С натиском же культуры и все большей и большей эксплуатации богатств Севера (увы, во многих местах ныне лишь бывших), – благодаря переселению малоземельных в Сибирь и отчасти междоусобной войне, – в местности, прежде забаррикадированные от посторонних нашествий, стала проникать все чаще, дальше и глубже посторонняя кровь всякого собачьего сброда, в результате чего чистая кровь стала засоряться и гаснуть, а на выставках – появляются все исключительно одни помеси и ублюдки. Несомненно, и сейчас еще можно выбрать на местах чистые породистые экземпляры, но дело в том, что вывозят собак из защитных, благодаря своей отдаленности и плохим путям сообщения, глухих местностей, люди, в подавляющем большинстве случаев в деле собаководства неграмотные и не знакомые с породами собак».

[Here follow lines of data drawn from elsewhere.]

lemma nn_integral_distance_small:
  assumes \<omega>: "\<omega> \<in> Omega_plus"
    and drift: "0 < liminf (\<lambda>i::nat. ereal ((1 / real i) * (\<Sum>y\<in>{- int i..0}. 2 * \<omega> y 1 - 1)))"
    and "x < k" "0 < e"
  obtains n where
    "(\<integral>\<^sup>+ u. ennreal (real_of_int (k - last (stop_at (\<lambda>y. y = k) (hist \<omega> x u n)))) \<partial>unif_seq) \<le> ennreal e"
proof -
  obtain m where m: "- int m < x" "real_of_int (k + int m) * left_exit_prod \<omega> k m x \<le> e / 2"
    using exists_small_left_exit_prod[OF \<omega> drift \<open>x < k\<close>, of "e / 2"] \<open>0 < e\<close> by auto
  define G where "G = real_of_int (k + int m) * exit_time_bound k m x"
  define n where "n = Suc (nat \<lceil>G / (e / 2)\<rceil>)"
  have "G / (e / 2) \<le> real n" unfolding n_def by linarith
  then have n: "real_of_int (k + int m) / real n * exit_time_bound k m x \<le> e / 2"
    using \<open>0 < e\<close> unfolding G_def n_def by (simp add: field_simps)
  have "(\<integral>\<^sup>+ u. ennreal (real_of_int (k - last (stop_at (\<lambda>y. y = k) (hist \<omega> x u n)))) \<partial>unif_seq)
      \<le> (\<integral>\<^sup>+ u. ennreal (real_of_int (k - last (stop_at (exit_set k m) (hist \<omega> x u n)))) \<partial>unif_seq)"
    using \<open>x < k\<close> by (intro nn_integral_distance_stop_at_mono[OF \<omega>]) (auto simp: exit_set_def)
  also have "\<dots> \<le> ennreal (real_of_int (k + int m) / real n * exit_time_bound k m x
        + real_of_int (k + int m) * left_exit_prod \<omega> k m x)"
    by (rule nn_integral_distance_exit_le[OF \<omega> \<open>x < k\<close> m(1)]) (simp add: n_def)
  also have "\<dots> \<le> ennreal e"
    using n m(2) by (intro ennreal_leI) linarith
  finally show ?thesis by (rule that)
qed

lemma incseq_stopped_drift:
  assumes "\<omega> \<in> Omega_plus"
  shows "incseq (\<lambda>n u. ennreal (drift_sum \<omega> (stop_at B (hist \<omega> x u n))))"
  by (intro monoI le_funI ennreal_leI drift_sum_prefix_mono[OF assms] prefix_stop_at prefix_hist)

lemma D_at_hit_eq_SUP:
  assumes \<omega>: "\<omega> \<in> Omega_plus"
  shows "D_at_hit \<omega> x u k = (SUP n. ennreal (drift_sum \<omega> (stop_at (\<lambda>y. y = k) (hist \<omega> x u n))))"
proof (cases "\<exists>n. walk \<omega> x u n = k")
  case True
  define T where "T = (LEAST j. walk \<omega> x u j = k)"
  have "walk \<omega> x u T = k" unfolding T_def using True by (rule LeastI_ex)
  then have "(\<exists>j\<le>n. walk \<omega> x u j = k) \<longleftrightarrow> T \<le> n" for n
    unfolding T_def by (auto intro: Least_le order_trans)
  then have stopped: "stop_at (\<lambda>y. y = k) (hist \<omega> x u n) = hist \<omega> x u (if T \<le> n then T else n)" for n
    unfolding stop_at_hist T_def by simp
  have "(SUP n. ennreal (drift_sum \<omega> (stop_at (\<lambda>y. y = k) (hist \<omega> x u n))))
      = ennreal (drift_sum \<omega> (hist \<omega> x u T))"
  proof (rule antisym)
    show "(SUP n. ennreal (drift_sum \<omega> (stop_at (\<lambda>y. y = k) (hist \<omega> x u n))))
        \<le> ennreal (drift_sum \<omega> (hist \<omega> x u T))"
      unfolding stopped
      by (intro SUP_least ennreal_leI drift_sum_prefix_mono[OF \<omega>] prefix_hist) simp
    show "ennreal (drift_sum \<omega> (hist \<omega> x u T))
        \<le> (SUP n. ennreal (drift_sum \<omega> (stop_at (\<lambda>y. y = k) (hist \<omega> x u n))))"
      unfolding stopped by (rule SUP_upper2[of T]) simp_all
  qed
  moreover have "hit \<omega> x u k = enat T" unfolding hit_def T_def using True by simp
  ultimately show ?thesis unfolding D_at_hit_def by (simp add: D_eq_drift_sum)
next
  case False
  then have "hit \<omega> x u k = \<infinity>" unfolding hit_def by simp
  moreover have "stop_at (\<lambda>y. y = k) (hist \<omega> x u n) = hist \<omega> x u n" for n
    unfolding stop_at_hist using False by auto
  ultimately show ?thesis unfolding D_at_hit_def by (simp add: D_eq_drift_sum)
qed

lemma SUP_nn_integral_stopped_drift:
  assumes \<omega>: "\<omega> \<in> Omega_plus"
    and drift: "0 < liminf (\<lambda>i::nat. ereal ((1 / real i) * (\<Sum>y\<in>{- int i..0}. 2 * \<omega> y 1 - 1)))"
    and "x \<le> k"
  shows "(SUP n. \<integral>\<^sup>+ u. ennreal (drift_sum \<omega> (stop_at (\<lambda>y. y = k) (hist \<omega> x u n))) \<partial>unif_seq)
      = ennreal (real_of_int (k - x))"
    (is "(SUP n. ?A n) = ?K")
proof (rule antisym)
  let ?C = "\<lambda>n. \<integral>\<^sup>+ u. ennreal (real_of_int (k - last (stop_at (\<lambda>y. y = k) (hist \<omega> x u n)))) \<partial>unif_seq"
  have sum: "?A n + ?C n = ?K" for n
    by (rule nn_integral_stopped_drift_add_distance[OF \<omega> \<open>x \<le> k\<close>]) simp
  show "(SUP n. ?A n) \<le> ?K"
    by (rule SUP_least) (metis sum add_increasing2 zero_le order_refl)
  show "?K \<le> (SUP n. ?A n)"
  proof (cases "x = k")
    case False
    with \<open>x \<le> k\<close> have "x < k" by simp
    show ?thesis
    proof (rule ennreal_le_epsilon)
      fix e :: real assume "0 < e"
      then obtain n where "?C n \<le> ennreal e"
        using nn_integral_distance_small[OF \<omega> drift \<open>x < k\<close>] by blast
      have "?K = ?A n + ?C n" by (rule sum[symmetric])
      also have "\<dots> \<le> (SUP n. ?A n) + ennreal e"
        using \<open>?C n \<le> ennreal e\<close> by (intro add_mono SUP_upper) simp_all
      finally show "?K \<le> (SUP n. ?A n) + ennreal e" .
    qed
  qed simp
qed

theorem mainTheorem2:
  fixes \<omega> :: env and x k :: int
  assumes "\<omega> \<in> Omega_plus"
    and "0 < liminf (\<lambda>i::nat. ereal ((1 / real i) * (\<Sum>y\<in>{- int i..0}. 2 * \<omega> y 1 - 1)))"
    and "x \<le> k"
  shows "(\<integral>\<^sup>+ u. D_at_hit \<omega> x u k \<partial>unif_seq) = ennreal (real_of_int (k - x))"
proof -
  have "(\<integral>\<^sup>+ u. D_at_hit \<omega> x u k \<partial>unif_seq)
      = (\<integral>\<^sup>+ u. (SUP n. ennreal (drift_sum \<omega> (stop_at (\<lambda>y. y = k) (hist \<omega> x u n)))) \<partial>unif_seq)"
    using D_at_hit_eq_SUP[OF assms(1)] by simp
  also have "\<dots> = (SUP n. \<integral>\<^sup>+ u. ennreal (drift_sum \<omega> (stop_at (\<lambda>y. y = k) (hist \<omega> x u n))) \<partial>unif_seq)"
    by (rule nn_integral_monotone_convergence_SUP[OF incseq_stopped_drift[OF assms(1)]]) simp
  also have "\<dots> = ennreal (real_of_int (k - x))"
    by (rule SUP_nn_integral_stopped_drift[OF assms])
  finally show ?thesis .
qed

end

В этом интересном и познавательном для нас отчёте лайковед говорит и о том как «спасти северную собаку». Свои рекомендации он предварил словами актуальными и сегодня.
«Быстро вымирает инородец Сибири – за ним уходит и его верная, не взыскательная, часто голодавшая со своим хозяином, собака, не раз согревавшая в студеные зимы своим телом детей инородца. Пора, наконец, не только писать, не только вздыхать, а, читая написанное, действовать – дабы спасти как гибнущего инородца, так и его спутника – необходимую ему северную собаку».
Под конец того же 1925 года на I Кинологическом съезде Союзохотцентра были выработаны и утверждены первые стандарты зырянской, карельской, вогульской, остяцкой, вотской (вотяцкой) лаек (Стандарты…, 1932). Можно сказать, что именно это событие стало началом советского лайководства. Как видим, за дело взялись кинологи-охотники. Об этом свидетельствует и выбор собак. Все пять первично признанных пород – таёжные лайки, от которых владельцы ожидают, прежде всего, помощи в охотничьем промысле.
Обложка: Стандарты…, 1932
Таким собакам посвящена, наверное, первая советская лайковедческая монография (скромно названа автором брошюрой) Юрия Ливеровского «Лайки и охота с ними» (1927). Это и подобное название книжек в последующие годы и до сих пор неоднократно повторялось разными авторами. И основной их объём отдавался собственно охоте с нашими собаками, их содержанию… Породы же освещались на удивление кратко. А у Ливеровского – полезное нам исключение.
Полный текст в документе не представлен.